Candidate Pipeline → Employer Brand Personas

Scenario

Your Greenhouse pipeline has thousands of candidates across sources (LinkedIn, referrals, careers page, agencies) and stages (applied, phone screen, onsite, offer, hired, rejected). Each segment has a distinct experience of your employer brand. You extract candidates grouped by source and stage outcome, build Mavera personas representing each segment, then run Focus Groups to test your employer messaging before publishing it. Flow: Greenhouse GET /candidates → Filter by source/stage → Aggregate traits → Mavera POST /personas → POST /focus-groups → Employer messaging validation

Architecture

Code

import os, requests, time, base64
from collections import defaultdict

GH_KEY = os.environ["GREENHOUSE_API_KEY"]
MV = os.environ["MAVERA_API_KEY"]
GH_BASE = "https://harvest.greenhouse.io/v1"
MV_BASE = "https://app.mavera.io/api/v1"
MV_H = {"Authorization": f"Bearer {MV}", "Content-Type": "application/json"}

gh_auth = base64.b64encode(f"{GH_KEY}:".encode()).decode()
GH_H = {"Authorization": f"Basic {gh_auth}"}

SOURCES = ["LinkedIn", "Referral", "Careers Page"]
OUTCOMES = ["hired", "rejected"]

def gh_get(path, params=None):
    r = requests.get(f"{GH_BASE}{path}", headers=GH_H, params=params or {})
    if r.status_code == 429:
        time.sleep(10)
        return gh_get(path, params)
    r.raise_for_status()
    return r.json()

# 1. Pull candidates and their applications
candidates = []
page = 1
while len(candidates) < 500:
    batch = gh_get("/candidates", {"per_page": 100, "page": page})
    if not batch:
        break
    candidates.extend(batch)
    page += 1

# 2. Group by source × outcome
segments = defaultdict(list)
for c in candidates:
    for app in c.get("applications", []):
        source_name = (app.get("source", {}) or {}).get("public_name", "Unknown")
        status = app.get("status", "active")
        if source_name in SOURCES and status in OUTCOMES:
            segments[(source_name, status)].append({
                "name": f"{c.get('first_name','')} {c.get('last_name','')}",
                "title": c.get("title", ""),
                "company": c.get("company", ""),
                "application_count": len(c.get("applications", [])),
            })

# 3. Create Mavera personas per segment
persona_ids = []
for (source, outcome), members in segments.items():
    if len(members) < 3:
        continue
    titles = list({m["title"] for m in members if m["title"]})[:5]
    companies = list({m["company"] for m in members if m["company"]})[:5]

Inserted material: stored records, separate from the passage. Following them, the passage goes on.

lemma far_except_close_pair:
  fixes xs :: "int list"
  assumes far: "\<forall>i<n. \<forall>i'<n. i \<noteq> i' \<longrightarrow> i \<noteq> k \<longrightarrow> i' \<noteq> k \<longrightarrow> S + B < \<bar>xs ! i' - xs ! i\<bar>"
    and j: "j < n" "j \<noteq> k" "\<bar>xs ! k - xs ! j\<bar> \<le> B" and "0 \<le> B"
  shows "\<forall>i<n. \<forall>i'<n. i \<noteq> i' \<longrightarrow> {i, i'} \<noteq> {k, j} \<longrightarrow> S < \<bar>xs ! i' - xs ! i\<bar>"
proof (intro allI impI)
  fix i i' assume ii: "i < n" "i' < n" "i \<noteq> i'" "{i, i'} \<noteq> {k, j}"
  consider "i = k" | "i' = k" | "i \<noteq> k" "i' \<noteq> k" by blast
  then show "S < \<bar>xs ! i' - xs ! i\<bar>"
  proof cases
    case 1
    then have "i' \<noteq> j" using ii(4) by auto
    then have "S + B < \<bar>xs ! i' - xs ! j\<bar>" using far[rule_format, of j i'] j ii 1 by simp
    then show ?thesis
      using 1 j(3) abs_triangle_ineq[of "xs ! i' - xs ! k" "xs ! k - xs ! j"] by simp
  next
    case 2
    then have "i \<noteq> j" using ii(4) by auto
    then have "S + B < \<bar>xs ! j - xs ! i\<bar>" using far[rule_format, of i j] j ii 2 by simp
    then show ?thesis
      using 2 j(3) abs_triangle_ineq[of "xs ! j - xs ! i" "xs ! k - xs ! j"] by simp
  next
    case 3
    then show ?thesis using far ii \<open>0 \<le> B\<close> by force
  qed
qed

lemma line_point_spread:
  fixes e g :: "int list"
  assumes "length e = n" "length g = n" "0 \<le> B" "B \<le> S"
    and e_far: "\<forall>i<n. \<forall>i'<n. i \<noteq> i' \<longrightarrow> {i, i'} \<noteq> {k, j} \<longrightarrow> S < \<bar>e ! i' - e ! i\<bar>"
    and "g ! k - e ! k \<noteq> g ! j - e ! j" and K: "B + 2 * abs_sum e + 1 \<le> K"
  shows "\<forall>x<n. \<forall>y<n. x \<noteq> y \<longrightarrow> B < \<bar>line_point e g K ! y - line_point e g K ! x\<bar>"
proof (intro allI impI)
  fix x y assume xy: "x < n" "y < n" "x \<noteq> y"
  show "B < \<bar>line_point e g K ! y - line_point e g K ! x\<bar>"
  proof (cases "g ! x - e ! x = g ! y - e ! y")
    case False
    have "0 \<le> K" using K assms(3) abs_sum_nonneg[of e] by linarith
    then have "K - 2 * abs_sum e \<le> \<bar>line_point e g K ! y - line_point e g K ! x\<bar>"
      using line_point_diff_far[of e g x y K] False xy assms(1,2) by simp
    then show ?thesis using K by linarith
  next
    case True
    then have "{x, y} \<noteq> {k, j}" using assms(6) by (auto simp: doubleton_eq_iff)
    then have "S < \<bar>e ! y - e ! x\<bar>" using e_far xy by blast
    moreover have "line_point e g K ! y - line_point e g K ! x = e ! y - e ! x"
      using line_point_diff[of x e y g K] True xy assms(1) by simp
    ultimately show ?thesis using assms(4) by linarith
  qed
qed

    p = requests.post(f"{MV_BASE}/personas", headers=MV_H, json={
        "name": f"GH: {source} → {outcome.title()}",
        "description": (
            f"Candidates from {source} who were {outcome}. "
            f"N={len(members)}. Titles: {', '.join(titles[:3])}. "
            f"Companies: {', '.join(companies[:3])}."
        ),
        "demographic": {"job_titles": titles},
        "psychographic": {
            "source": source,
            "outcome": outcome,
            "mindset": f"Candidate who was {outcome} via {source}",
        },
    }).json()
    persona_ids.append({"id": p["id"], "label": f"{source} → {outcome.title()}"})
    print(f"Persona: {p['id']} — {source} → {outcome.title()} ({len(members)} candidates)")
    time.sleep(0.3)

# 4. Run Focus Group with employer messaging
EMPLOYER_MESSAGE = """Join a team that ships fast, learns faster, and celebrates wins together.
We offer competitive comp, unlimited PTO, and a culture where engineers own their roadmap.
"Best decision I ever made." — Senior Engineer, 2 years"""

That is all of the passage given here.